A school friend whose Daddy ran the family company and lived in a large detached house whilst the rest of us ranged from council flats to owned semis at best, grew up like that and tell you what - neither she, her siblings nor her parents treated us any different since we were all F's friends and background didn't matter one little jot as long as we were polite and knew how to behave - and we all did cos we'd been brought up properly too!

Her mum(my) and dad(dy) continued to be excellent company - and us lot with husbands and wives and kids in tow continued to be welcomed as visitors by them, well into their old age.


----------



## Stitch147 (Jan 3, 2018)

I'm glad I'm not married!


----------



## AJLang (Jan 3, 2018)

I showed this to Mark when he finished work and then asked him to get me a glass of wine


----------



## Lucy Honeychurch (Jan 3, 2018)

AJLang said:


> I showed this to Mark when he finished work and then asked him to get me a glass of wine


We must be kindred spirits


----------



## AJLang (Jan 3, 2018)

Lol Lucy


----------



## Amigo (Jan 3, 2018)

AJLang said:


> I showed this to Mark when he finished work and then asked him to get me a glass of wine



But had you put some ribbons in your hair first AJ?


----------



## AJLang (Jan 3, 2018)

Of course I did Amigo and I was wearing my Stepford Wife dress and lightly sprayed the room with linen spray just before he came in


----------



## Lucy Honeychurch (Jan 3, 2018)

An adult woman with ribbons in her hair reminds me of the film Whatever happened to Baby Jane 
Beware!


----------



## AJLang (Jan 3, 2018)

ROFL


----------



## Wirrallass (Jan 3, 2018)

Prepare the children by washing their faces and hands and combing their hair? Would that change the little devils into angels? Wish I'd known that trick when my children were growing up!!!


----------



## Lucy Honeychurch (Jan 4, 2018)

wirralass said:


> Prepare the children by washing their faces and hands and combing their hair? Would that change the little devils into angels? Wish I'd known that trick when my children were growing up!!!
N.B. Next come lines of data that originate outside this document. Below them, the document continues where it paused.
lemma inner_mult_clustering_field:
  "d \<bullet> (g *v clustering_field E \<rho> a x j)
     = (\<Sum>k\<in>{k. (j, k) \<in> E}. a (j, k) * (d \<bullet> ((g ** \<rho> (j, k)) *v x k) - d \<bullet> (g *v x j)))"
  by (simp add: clustering_field_def linear_sum[OF matrix_vector_mul_linear] o_def
      matrix_vector_mult_scaleR matrix_vector_mult_diff_distrib inner_sum_right inner_diff_right
      matrix_vector_mul_assoc)

locale point_group_voltage_graph =
  fixes V :: "'v set" and E :: "('v \<times> 'v) set" and \<rho> :: "'v \<times> 'v \<Rightarrow> real^'k^'k"
    and G :: "(real^'k^'k) set"
  assumes voltage_graph: "voltage_graph V E \<rho> G" and point_group: "point_group G"
begin

abbreviation semiwalk where "semiwalk \<equiv> semiwalk_net V E \<rho>"

lemma edges_subset: "E \<subseteq> V \<times> V" and finite_vertices: "finite V"
  and voltage_in_group: "e \<in> E \<Longrightarrow> \<rho> e \<in> G"
  using voltage_graph unfolding voltage_graph_def simple_digraph_def by auto

lemma finite_group: "finite G" and group_orthogonal: "g \<in> G \<Longrightarrow> orthogonal_matrix g"
  using point_group unfolding point_group_def by auto

lemma semiwalk_net_in_group: "semiwalk i j g \<Longrightarrow> g \<in> G"
  by (induction rule: semiwalk_net.induct)
    (use point_group voltage_in_group in \<open>auto simp: point_group_def\<close>)

lemma semiwalk_net_orthogonal: "semiwalk i j g \<Longrightarrow> orthogonal_matrix g"
  using semiwalk_net_in_group group_orthogonal by blast

lemma semiwalk_net_vertices: "semiwalk i j g \<Longrightarrow> i \<in> V \<and> j \<in> V"
  by (induction rule: semiwalk_net.induct) (use edges_subset in auto)

lemma semiwalk_net_trans:
  assumes "semiwalk i j g" "semiwalk j k h"
  shows "semiwalk i k (g ** h)"
  using assms(2,1)
proof (induction rule: semiwalk_net.induct)
  case (sw_nil j)
  then show ?case by simp
next
  case (sw_fwd j k h l)
  then show ?case by (metis matrix_mul_assoc semiwalk_net.sw_fwd)
next
  case (sw_bwd j k h l)
  then show ?case by (metis matrix_mul_assoc semiwalk_net.sw_bwd)
qed

lemma semiwalk_net_edge_fwd:
  assumes "(j, k) \<in> E"
  shows "semiwalk j k (\<rho> (j, k))"
proof -
  have "j \<in> V" using assms edges_subset by auto
  from semiwalk_net.sw_fwd[OF semiwalk_net.sw_nil[where \<rho> = \<rho>, OF this] assms] show ?thesis
    by simp
qed

lemma semiwalk_net_edge_bwd:
  assumes "(j, k) \<in> E"
  shows "semiwalk k j (transpose (\<rho> (j, k)))"
proof -
  have "k \<in> V" using assms edges_subset by auto
  from semiwalk_net.sw_bwd[OF semiwalk_net.sw_nil[where \<rho> = \<rho>, OF this] assms] show ?thesis
    by (simp add: orthogonal_matrix_inv_eq_transpose group_orthogonal voltage_in_group assms)
qed

lemma semiwalk_net_sym: "semiwalk i j g \<Longrightarrow> semiwalk j i (transpose g)"
proof (induction rule: semiwalk_net.induct)
  case (sw_nil i)
  then show ?case by (simp add: semiwalk_net.sw_nil)
next
  case (sw_fwd i j g k)
  from semiwalk_net_trans[OF semiwalk_net_edge_bwd[OF sw_fwd(2)] sw_fwd(3)]
  show ?case by (simp add: matrix_transpose_mul)
next
  case (sw_bwd i j g k)
  from semiwalk_net_trans[OF semiwalk_net_edge_fwd[OF sw_bwd(2)] sw_bwd(3)]
  show ?case by (simp add: matrix_transpose_mul orthogonal_matrix_inv_eq_transpose
      group_orthogonal voltage_in_group sw_bwd(2))
qed

lemma semiwalk_net_cancel:
  assumes "semiwalk i j g" "semiwalk i k g"
  shows "semiwalk j k (mat 1)"
  using semiwalk_net_trans[OF semiwalk_net_sym[OF assms(1)] assms(2)]
    semiwalk_net_orthogonal[OF assms(1)] by (simp add: orthogonal_matrix_def)

lemma rtrancl_imp_walk_net: "(i, j) \<in> E\<^sup>* \<Longrightarrow> i \<in> V \<Longrightarrow> \<exists>g. walk_net V E \<rho> i j g"
  by (induction rule: rtrancl_induct) (auto intro: walk_net.intros)

lemma rtrancl_sym_imp_semiwalk_net: "(i, j) \<in> (E \<union> E\<inverse>)\<^sup>* \<Longrightarrow> i \<in> V \<Longrightarrow> \<exists>g. semiwalk i j g"
proof (induction rule: rtrancl_induct)
  case base
  then show ?case by (blast intro: semiwalk_net.sw_nil)
next
  case (step j k)
  then obtain g where "semiwalk i j g" by blast
  with step(2) show ?case by (blast intro: semiwalk_net.sw_fwd semiwalk_net.sw_bwd)
qed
Doesn't work with autistic children, a law unto themselves  sometimes good and sometimes awful! My girls oscillate between the two. Not their fault, and very hard to manage.


----------



## Wirrallass (Jan 4, 2018)

@Lucy Honeychurch ~ sounds like you have your hands full Lucy ~ hat's off to you for coping as well as you do. x


----------



## Lucy Honeychurch (Jan 4, 2018)

wirralass said:


> @Lucy Honeychurch ~ sounds like you have your hands full Lucy ~ hat's off to you for coping as well as you do. x



Classic derail sorry!


----------



## SB2015 (Jan 4, 2018)

Ingressus said:


> She doesn't know and im not going to tell her either, its quite liberating ha ha come on boys you will never get a better opportunity than this lol


Calm down Simon!!!


----------



## Chris Hobson (Jan 12, 2018)

This stuff made me think of the song 'Put Another Log on the Fire'.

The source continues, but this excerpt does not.